The Physics Behind Tablecloth Trickery: Newton & Inertia

[AfRoMaNn]

What exactly happens when a tablecloth is pulled out from underneath a table setting, and everything on the table stays put? Newtons laws certainly applies to it but maybe inertia as well?

 

[Dr Lots-o'watts]

Newton's first law and inertia are practically the same. Perhaps worded differently sometimes, but it all refers to the same "phenomena".

You also need a low coefficient of friction between glassware and table cloth, high speed, and preferably low centers of mass for each piece.

 

[vlado_skopsko]

Yes. And the coefficient of friction (The force of friction) does not depend on speed (it is an empirical equation, so it may depend a little), so faster you pull the tablecloth, less time force acts on the glasses and stuff.

 

[dreit]

Yes, my previous physics teacher performed this as a demonstration in class once, and looking back at it now it makes much more sense

 

[PJC01]

I can explain the physics behind the tablecloth trickery using Newton's laws and the concept of inertia. When a tablecloth is pulled out from underneath a table setting, the objects on the table appear to stay in place due to the first law of motion, also known as the law of inertia.

According to Newton's first law, an object at rest will remain at rest and an object in motion will continue to move in a straight line at a constant speed unless acted upon by an external force.

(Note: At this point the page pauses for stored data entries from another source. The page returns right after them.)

lemma nn_integral_interval_integral_emp_cdf_perturbed_diff_le:
  fixes a rho :: "nat \<Rightarrow> 'a \<Rightarrow> real"
  assumes M: "finite_measure M" and [measurable]: "\<And>i. a i \<in> borel_measurable M" "\<And>i. rho i \<in> borel_measurable M"
    and N: "N \<ge> 1" and lo: "0 < lo" "lo \<le> hi"
    and P: "\<And>i. i \<in> {1..N} \<Longrightarrow> measure M {w \<in> space M. e < \<bar>rho i w\<bar>} \<le> P"
    and W: "\<And>i x. i \<in> {1..N} \<Longrightarrow> x \<in> {lo..hi} \<Longrightarrow>
              measure M {w \<in> space M. 1 - x - e < a i w \<and> a i w \<le> 1 - x + e} \<le> W"
  shows "(\<integral>\<^sup>+w. \<bar>LBINT x=lo..hi. (emp_cdf N (\<lambda>i w. a i w + rho i w) (1 - x) w - emp_cdf N a (1 - x) w) / x\<bar> \<partial>M)
    \<le> ennreal ((ln hi - ln lo) * (P + W))"
proof -
  interpret finite_measure M by fact
  interpret pair_sigma_finite M lborel
    by (intro pair_sigma_finite.intro sigma_finite_measure lborel.sigma_finite_measure_axioms)
  define D where "D w x = \<bar>emp_cdf N (\<lambda>i w. a i w + rho i w) (1 - x) w - emp_cdf N a (1 - x) w\<bar>" for w x
  define k where "k x = ennreal (1 / x) * indicator {lo..hi} x" for x :: real
  have [measurable]: "case_prod D \<in> borel_measurable (M \<Otimes>\<^sub>M lborel)"
    unfolding D_def emp_cdf_def by measurable
  have PW: "P + W \<ge> 0"
    using P[of 1] W[of 1 lo] N lo by (auto intro: add_nonneg_nonneg order_trans[OF measure_nonneg])
  have "(\<integral>\<^sup>+w. \<bar>LBINT x=lo..hi. (emp_cdf N (\<lambda>i w. a i w + rho i w) (1 - x) w - emp_cdf N a (1 - x) w) / x\<bar> \<partial>M)
      \<le> (\<integral>\<^sup>+w. \<integral>\<^sup>+x. k x * D w x \<partial>lborel \<partial>M)"
  proof (intro nn_integral_mono order_trans[OF ennreal_abs_interval_integral_le[OF lo(2)]] eq_refl nn_integral_cong)
    fix w x
    show "ennreal \<bar>(emp_cdf N (\<lambda>i w. a i w + rho i w) (1 - x) w - emp_cdf N a (1 - x) w) / x\<bar> * indicator {lo..hi} x
        = k x * D w x"
      using lo by (auto simp: k_def D_def indicator_def abs_divide ennreal_mult[symmetric])
  qed
  also have "\<dots> = (\<integral>\<^sup>+x. \<integral>\<^sup>+w. k x * D w x \<partial>M \<partial>lborel)"
    unfolding k_def by (rule Fubini'[symmetric]) measurable
  also have "\<dots> = (\<integral>\<^sup>+x. k x * (\<integral>\<^sup>+w. D w x \<partial>M) \<partial>lborel)"
    by (simp add: nn_integral_cmult)
  also have "\<dots> \<le> (\<integral>\<^sup>+x. k x * ennreal (P + W) \<partial>lborel)"
  proof (intro nn_integral_mono)
    fix x
    show "k x * (\<integral>\<^sup>+w. D w x \<partial>M) \<le> k x * ennreal (P + W)"
    proof (cases "x \<in> {lo..hi}")
      case True
      have "(\<integral>\<^sup>+w. D w x \<partial>M) \<le> ennreal (P + W)"
        unfolding D_def using P W[OF _ True]
        by (intro nn_integral_emp_cdf_perturbed_diff_le[OF M _ _ N, where e = e]) auto
      then show ?thesis
        by (rule mult_left_mono) simp
    qed (simp add: k_def)
  qed
  also have "\<dots> = ennreal (ln hi - ln lo) * ennreal (P + W)"
    unfolding k_def using nn_integral_inverse_Icc[OF lo] by (simp add: nn_integral_multc)
  finally show ?thesis
    using lo PW by (simp add: ennreal_mult)
qed

lemma o_p_oneI_nn_integral:
  fixes Y :: "nat \<Rightarrow> 'a \<Rightarrow> real"
  assumes "finite_measure M" and [measurable]: "\<And>N. Y N \<in> borel_measurable M"
    and bound: "eventually (\<lambda>N. (\<integral>\<^sup>+w. \<bar>Y N w\<bar> \<partial>M) \<le> ennreal (B N)) sequentially"
    and B: "B \<longlonglongrightarrow> 0"
  shows "o_p_one M Y"
  unfolding o_p_one_def
proof (intro allI impI)
  fix e :: real
  assume e: "e > 0"
  interpret finite_measure M by fact
  have "measure M {w \<in> space M. e < \<bar>Y N w\<bar>} \<le> max (B N) 0 / e"
    if "(\<integral>\<^sup>+w. \<bar>Y N w\<bar> \<partial>M) \<le> ennreal (B N)" for N
  proof -
    let ?A = "{w \<in> space M. e < \<bar>Y N w\<bar>}"
    have "ennreal (e * measure M ?A) = (\<integral>\<^sup>+w. ennreal e * indicator ?A w \<partial>M)"
      using e by (simp add: nn_integral_cmult_indicator emeasure_eq_measure ennreal_mult)
    also have "\<dots> \<le> (\<integral>\<^sup>+w. \<bar>Y N w\<bar> \<partial>M)"
      by (intro nn_integral_mono) (auto simp: indicator_def)
    also note that
    finally have "e * measure M ?A \<le> max (B N) 0"
      by (auto simp: ennreal_le_iff2)
    then show ?thesis
      using e by (simp add: field_simps)
  qed
  then have le: "eventually (\<lambda>N. measure M {w \<in> space M. e < \<bar>Y N w\<bar>} \<le> max (B N) 0 / e) sequentially"
    using bound by (auto elim: eventually_mono)
  have "(\<lambda>N. max (B N) 0) \<longlonglongrightarrow> 0"
    using tendsto_max[OF B tendsto_const[of 0]] by simp
  then have "(\<lambda>N. max (B N) 0 / e) \<longlonglongrightarrow> 0"
    by (rule tendsto_divide_zero)
  then show "(\<lambda>N. measure M {w \<in> space M. e < \<bar>Y N w\<bar>}) \<longlonglongrightarrow> 0"
    using tendsto_sandwich[OF _ le tendsto_const] by simp
qed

In this case, the objects on the table have inertia, which is the tendency of an object to resist changes in its state of motion. Therefore, when the tablecloth is pulled out quickly and smoothly, the objects on the table will continue to move at the same speed and in the same direction as they were before the tablecloth was pulled.

Moreover, the objects on the table also have a large mass compared to the tablecloth, which means they have a greater resistance to changes in their motion. This is why they do not move along with the tablecloth when it is pulled out.

Additionally, the friction between the tablecloth and the objects on the table also plays a crucial role in keeping them in place. The coefficient of friction, which is a measure of how easily the tablecloth can slide over the surface of the table, determines the force needed to move the objects. If the coefficient of friction is high, it will require more force to move the objects, making it harder to pull the tablecloth out without disturbing them.

In conclusion, the tablecloth trickery can be explained by the laws of motion and the concept of inertia. The objects on the table have a tendency to resist changes in their motion, and the friction between the tablecloth and the objects helps to keep them in place. This impressive trick is a perfect example of how we can observe and understand the laws of physics in everyday life.